## Aim of the task
Extract all lines from the data beneath that include the word "roots".

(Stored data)
==*==
(* Let $G$ be a simple connected graph with $n$ vertices and $m$ edges, let $k\ge1$ be an integer, and let $S_{2k}(G)$ be the $2k$-parallel subdivision graph of $G$. Then the eigenvalues of the normalized Laplacian $\mathscr{L}(S_{2k}(G))$ are as follows. (i) If $\lambda\notin\{0,2\}$ is an eigenvalue of $\mathscr{L}(G)$ and $\mu_1,\mu_2,\mu_3$ are the roots of $4\mu^3-12\mu^2+9\mu-\lambda=0$, then $\mu_1,\mu_2,\mu_3$ are eigenvalues of $\mathscr{L}(S_{2k}(G))$, each with the same multiplicity as $\lambda$ has in $\mathscr{L}(G)$. (ii) $0$ is an eigenvalue of $\mathscr{L}(S_{2k}(G))$ with multiplicity $1$; if $G$ is bipartite, $2$ is an eigenvalue of $\mathscr{L}(S_{2k}(G))$ with multiplicity $1$. (iii) If $G$ is non-bipartite, then $\frac12$ and $\frac32$ are eigenvalues of $\mathscr{L}(S_{2k}(G))$ with multiplicities $km-n$ and $km-n+2$ respectively. (iv) If $G$ is bipartite, then $\frac12$ and $\frac32$ are eigenvalues of $\mathscr{L}(S_{2k}(G))$, both with multiplicity $km-n+2$.
   Context: For a graph $H$ with adjacency matrix $A(H)$ and diagonal degree matrix $D(H)$ (no isolated vertices), the normalized Laplacian is $\mathscr{L}(H)=I-D(H)^{-1/2}A(H)D(H)^{-1/2}$. The $2k$-parallel subdivision graph $S_{2k}(G)$ is obtained from $G$ by replacing each edge $uv$ of $G$ by $k$ internally disjoint paths $u-w_1-w_2-v$ of length $3$ (each with its own two new internal vertices); thus $S_{2k}(G)$ has $n+2km$ vertices and $3km$ edges, each vertex $u\in V(G)$ has degree $k\,d_G(u)$ and each new vertex has degree $2$. *)

theory Defs
  imports "Jordan_Normal_Form.Char_Poly"
begin

definition simple_graph :: "'a set \<Rightarrow> ('a \<Rightarrow> 'a \<Rightarrow> bool) \<Rightarrow> bool" where
  "simple_graph V E \<longleftrightarrow> finite V \<and> (\<forall>u v. E u v \<longrightarrow> u \<in> V \<and> v \<in> V \<and> u \<noteq> v \<and> E v u)"

definition connected_graph :: "'a set \<Rightarrow> ('a \<Rightarrow> 'a \<Rightarrow> bool) \<Rightarrow> bool" where
  "connected_graph V E \<longleftrightarrow> (\<forall>u\<in>V. \<forall>v\<in>V. E\<^sup>*\<^sup>* u v)"

definition bipartite :: "'a set \<Rightarrow> ('a \<Rightarrow> 'a \<Rightarrow> bool) \<Rightarrow> bool" where
  "bipartite V E \<longleftrightarrow> (\<exists>A \<subseteq> V. \<forall>u v. E u v \<longrightarrow> (u \<in> A \<longleftrightarrow> v \<notin> A))"

definition edge_set :: "('a \<Rightarrow> 'a \<Rightarrow> bool) \<Rightarrow> 'a set set" where
  "edge_set E = {{u, v} | u v. E u v}"

definition num_edges :: "('a \<Rightarrow> 'a \<Rightarrow> bool) \<Rightarrow> nat" where
  "num_edges E = card (edge_set E)"

definition deg :: "'a set \<Rightarrow> ('a \<Rightarrow> 'a \<Rightarrow> bool) \<Rightarrow> 'a \<Rightarrow> nat" where
  "deg V E x = card {y \<in> V. E x y}"

definition nlap_mat :: "'a list \<Rightarrow> 'a set \<Rightarrow> ('a \<Rightarrow> 'a \<Rightarrow> bool) \<Rightarrow> real mat" where
  "nlap_mat vs V E = mat (length vs) (length vs)
     (\<lambda>(i, j). (if i = j then 1 else 0)
        - (if E (vs ! i) (vs ! j) then 1 / sqrt (real (deg V E (vs ! i)) * real (deg V E (vs ! j))) else 0))"

definition vertex_list :: "'a set \<Rightarrow> 'a list" where
  "vertex_list V = (SOME vs. distinct vs \<and> set vs = V)"

definition nlap :: "'a set \<Rightarrow> ('a \<Rightarrow> 'a \<Rightarrow> bool) \<Rightarrow> real mat" where
  "nlap V E = nlap_mat (vertex_list V) V E"

text \<open>Multiplicity of mu as an eigenvalue of the normalized Laplacian:
  its multiplicity as a root of the characteristic polynomial (0 if not an eigenvalue).\<close>

definition nlap_mult :: "'a set \<Rightarrow> ('a \<Rightarrow> 'a \<Rightarrow> bool) \<Rightarrow> real \<Rightarrow> nat" where
  "nlap_mult V E \<mu> = order \<mu> (char_poly (nlap V E))"

text \<open>The 2k-parallel subdivision graph. For an edge uv of G and i < k, the i-th path
  replacing uv is  u - Mid u v i - Mid v u i - v.\<close>

datatype 'a sub_vertex = Orig 'a | Mid 'a 'a nat

definition sub_vertices :: "nat \<Rightarrow> 'a set \<Rightarrow> ('a \<Rightarrow> 'a \<Rightarrow> bool) \<Rightarrow> 'a sub_vertex set" where
  "sub_vertices k V E = Orig ` V \<union> {Mid u v i | u v i. E u v \<and> i < k}"

fun sub_edge :: "nat \<Rightarrow> ('a \<Rightarrow> 'a \<Rightarrow> bool) \<Rightarrow> 'a sub_vertex \<Rightarrow> 'a sub_vertex \<Rightarrow> bool" where
  "sub_edge k E (Orig u) (Mid u' v i) \<longleftrightarrow> u = u' \<and> E u v \<and> i < k"
| "sub_edge k E (Mid u' v i) (Orig u) \<longleftrightarrow> u = u' \<and> E u v \<and> i < k"
| "sub_edge k E (Mid u v i) (Mid v' u' i') \<longleftrightarrow> u = u' \<and> v = v' \<and> i = i' \<and> E u v \<and> i < k"
| "sub_edge k E (Orig u) (Orig v) \<longleftrightarrow> False"

end

theory Submission
  imports Defs "Jordan_Normal_Form.Schur_Decomposition"
begin

text \<open>
  List the vertices of the subdivision as the original ones followed by the internal ones. With
  t = x - 1, the matrix x I - L(S) then has the block form [[t I, B], [C, t I + P/2]], where P
  exchanges the two internal vertices of a path, so the lower right block has determinant
  (t^2 - 1/4)^(k m). The Schur complement t I - B (t I + P/2)^(-1) C is a multiple of
  F(x) I - L(G) with F(x) = 4 x^3 - 12 x^2 + 9 x, which yields
    4^(k m) chi_S(x) D(x)^n = D(x)^(k m) chi_G(F(x)),   D(x) = (2 x - 1) (2 x - 3).
  Comparing root multiplicities at x, and using that F - F(x) has a simple root at x except for
  the double roots at 1/2 and 3/2, gives
    mult_S(x) + n [x \<in> {1/2, 3/2}] = k m [x \<in> {1/2, 3/2}] + mult_G(F(x)) (1 + [x \<in> {1/2, 3/2}]).
  The remaining input is the multiplicity of 0 and 2 for L(G): an eigenvector for 1 - s with
  s = 1 or s = -1 is D^(1/2) f with f v = s f u along every edge, so for connected G the
  eigenspace of 0 is a line, that of 2 is a line if G is bipartite and trivial otherwise; as
  L(G) is symmetric, a one-dimensional eigenspace means a simple root of chi_G.
\<close>

section \<open>Polynomials\<close>

lemma pcompose_power_left: "pcompose (p ^ r) q = pcompose p q ^ r"
  for p q :: "'a::comm_semiring_1 poly"
  by (induction r) (simp_all add: pcompose_mult)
==*==
## Your solution
(* Let $G$ be a simple connected graph with $n$ vertices and $m$ edges, let $k\ge1$ be an integer, and let $S_{2k}(G)$ be the $2k$-parallel subdivision graph of $G$. Then the eigenvalues of the normalized Laplacian $\mathscr{L}(S_{2k}(G))$ are as follows. (i) If $\lambda\notin\{0,2\}$ is an eigenvalue of $\mathscr{L}(G)$ and $\mu_1,\mu_2,\mu_3$ are the roots of $4\mu^3-12\mu^2+9\mu-\lambda=0$, then $\mu_1,\mu_2,\mu_3$ are eigenvalues of $\mathscr{L}(S_{2k}(G))$, each with the same multiplicity as $\lambda$ has in $\mathscr{L}(G)$. (ii) $0$ is an eigenvalue of $\mathscr{L}(S_{2k}(G))$ with multiplicity $1$; if $G$ is bipartite, $2$ is an eigenvalue of $\mathscr{L}(S_{2k}(G))$ with multiplicity $1$. (iii) If $G$ is non-bipartite, then $\frac12$ and $\frac32$ are eigenvalues of $\mathscr{L}(S_{2k}(G))$ with multiplicities $km-n$ and $km-n+2$ respectively. (iv) If $G$ is bipartite, then $\frac12$ and $\frac32$ are eigenvalues of $\mathscr{L}(S_{2k}(G))$, both with multiplicity $km-n+2$.
  the double roots at 1/2 and 3/2, gives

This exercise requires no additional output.